The mobileapps services flapped four times so far on 7/01/2016 UTC.
[01:46:25] <icinga-wm> PROBLEM - mobileapps endpoints health on scb1001 is CRITICAL: CHECK_NRPE: Socket timeout after 10 seconds. [01:48:35] <icinga-wm> RECOVERY - mobileapps endpoints health on scb1001 is OK: All endpoints are healthy [04:15:26] <icinga-wm> PROBLEM - mobileapps endpoints health on scb1002 is CRITICAL: CHECK_NRPE: Socket timeout after 10 seconds. [04:17:36] <icinga-wm> RECOVERY - mobileapps endpoints health on scb1002 is OK: All endpoints are healthy [05:46:47] <icinga-wm> PROBLEM - mobileapps endpoints health on scb1001 is CRITICAL: CHECK_NRPE: Socket timeout after 10 seconds. [05:48:57] <icinga-wm> RECOVERY - mobileapps endpoints health on scb1001 is OK: All endpoints are healthy [16:07:05] <icinga-wm> PROBLEM - mobileapps endpoints health on scb1002 is CRITICAL: CHECK_NRPE: Socket timeout after 10 seconds. [16:09:24] <icinga-wm> RECOVERY - mobileapps endpoints health on scb1002 is OK: All endpoints are healthy
Checking Ganglia showed increased memory pressure.
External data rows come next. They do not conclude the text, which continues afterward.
text \<open>If \<open>w \<alpha>\<^sub>i = \<alpha>\<^sub>j\<close>, then \<open>r\<^sub>j w r\<^sub>i w\<^sup>-\<^sup>1\<close> sends every simple root to a nonnegative vector,
  so it is trivial by faithfulness; evaluated on \<open>\<alpha>\<^sub>j\<^sup>\<or>\<close> this forces \<open>w \<alpha>\<^sub>i\<^sup>\<or> = \<alpha>\<^sub>j\<^sup>\<or>\<close>.\<close>

lemma wact_transpose_simple:
  assumes g: "gcm B" and u: "wact B u (simple i) = simple j"
  shows "wact (cm_transpose B) u (simple i) = simple j"
proof -
  have d: "\<forall>i. B i i = 2" using g gcm_diag by blast
  have dt: "\<forall>i. cm_transpose B i i = 2" using d by (simp add: cm_transpose_def)
  define c where "c = wact (cm_transpose B) u (simple i)"
  have pc: "pair B c (simple j) = 2"
    using pair_wact_transpose_wact[of B u "simple i" "simple i", OF d] u c_def
    by (simp add: pair_simple_simple d)
  define v where "v = [j] @ (u @ [i] @ rev u)"
  have wv: "wact B v x = refl B j (\<lambda>l. x l - pair B c x * simple j l)" for x
    using wact_conjugate_reflection[OF g, of u i x] u c_def by (simp add: v_def)
  have wvk: "wact B v (simple k) = (\<lambda>l. simple k l + (pair B c (simple k) - B j k) * simple j l)" for k
  proof -
    have p: "pair B (simple j) (\<lambda>l. simple k l - pair B c (simple k) * simple j l)
               = B j k - pair B c (simple k) * 2"
      by (simp add: pair_diff_right pair_simple_simple d)
    show ?thesis
      by (simp only: wv refl_apply p) (simp add: fun_eq_iff algebra_simps)
  qed
  have "0 \<le> wact B v (simple k) l" for k l
  proof (cases "k = j")
    case True
    then show ?thesis unfolding wvk using pc d by (simp add: simple_def)
  next
    case False
    then have "wact B v (simple k) k = 1" unfolding wvk by (simp add: simple_def)
    then show ?thesis using wact_simple_sign[OF g, of v k] by (metis not_one_le_zero)
  qed
  then have "word_equiv B v []" by (rule word_equiv_Nil_if_nonneg[OF g])
  then have "wact (cm_transpose B) v (simple j) = simple j" by (simp add: word_equiv_def)
  moreover have "pair (cm_transpose B) (wact B u (simple i)) (simple j) = 2"
    using u by (simp add: pair_simple_simple cm_transpose_def d)
  then have "wact (cm_transpose B) v (simple j) = refl (cm_transpose B) j (\<lambda>l. simple j l - 2 * c l)"
    using wact_conjugate_reflection[OF gcm_transpose[OF g], of u i "simple j"] by (simp add: v_def c_def)
  moreover have "pair (cm_transpose B) (simple j) (\<lambda>l. simple j l - 2 * c l) = - 2"
    by (simp add: pair_diff_right pair_simple_simple pair_transpose pc dt)
  then have "refl (cm_transpose B) j (\<lambda>l. simple j l - 2 * c l) = (\<lambda>l. 3 * simple j l - 2 * c l)"
    by (simp add: refl_apply fun_eq_iff algebra_simps)
  ultimately show ?thesis unfolding c_def[symmetric] by (auto simp: fun_eq_iff)
qed

lemma coroot_wact:
  assumes g: "gcm A" and b: "\<beta> = wact A ws (simple i)"
  shows "coroot A \<beta> = cwact A ws (simple i)"
  unfolding coroot_def
proof (rule the_equality)
  show "\<exists>ws' i'. \<beta> = wact A ws' (simple i') \<and> cwact A ws (simple i) = cwact A ws' (simple i')"
    using b by blast
next
  fix c
  assume "\<exists>ws' i'. \<beta> = wact A ws' (simple i') \<and> c = cwact A ws' (simple i')"
  then obtain ws' i' where w': "\<beta> = wact A ws' (simple i')" "c = cwact A ws' (simple i')"
    by blast
  have d: "\<forall>i. A i i = 2" using g gcm_diag by blast
  have dt: "\<forall>i. cm_transpose A i i = 2" using d by (simp add: cm_transpose_def)
  have "wact A (rev ws' @ ws) (simple i) = simple i'"
    using b w'(1) wact_rev_wact[of A ws' "simple i'", OF d] by (simp add: wact_append)
  then have "wact (cm_transpose A) (rev ws' @ ws) (simple i) = simple i'"
    by (rule wact_transpose_simple[OF g])
  then have "wact (cm_transpose A) ws' (wact (cm_transpose A) (rev ws') (wact (cm_transpose A) ws (simple i)))
               = wact (cm_transpose A) ws' (simple i')"
    by (simp add: wact_append)
  then show "c = cwact A ws (simple i)"
    using w'(2) wact_wact_rev[of "cm_transpose A" ws' "wact (cm_transpose A) ws (simple i)", OF dt]
    by (simp add: cwact_eq_wact_transpose)
qed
Looking at the yearly graph shows a steadily growing need for memory.[1][2] The long-term trend is very concerning.
I checked on scb1001 for the top memory using processes, and it looks like ORES is the most memory hungry, with each of the top processes consuming around 3-4% each.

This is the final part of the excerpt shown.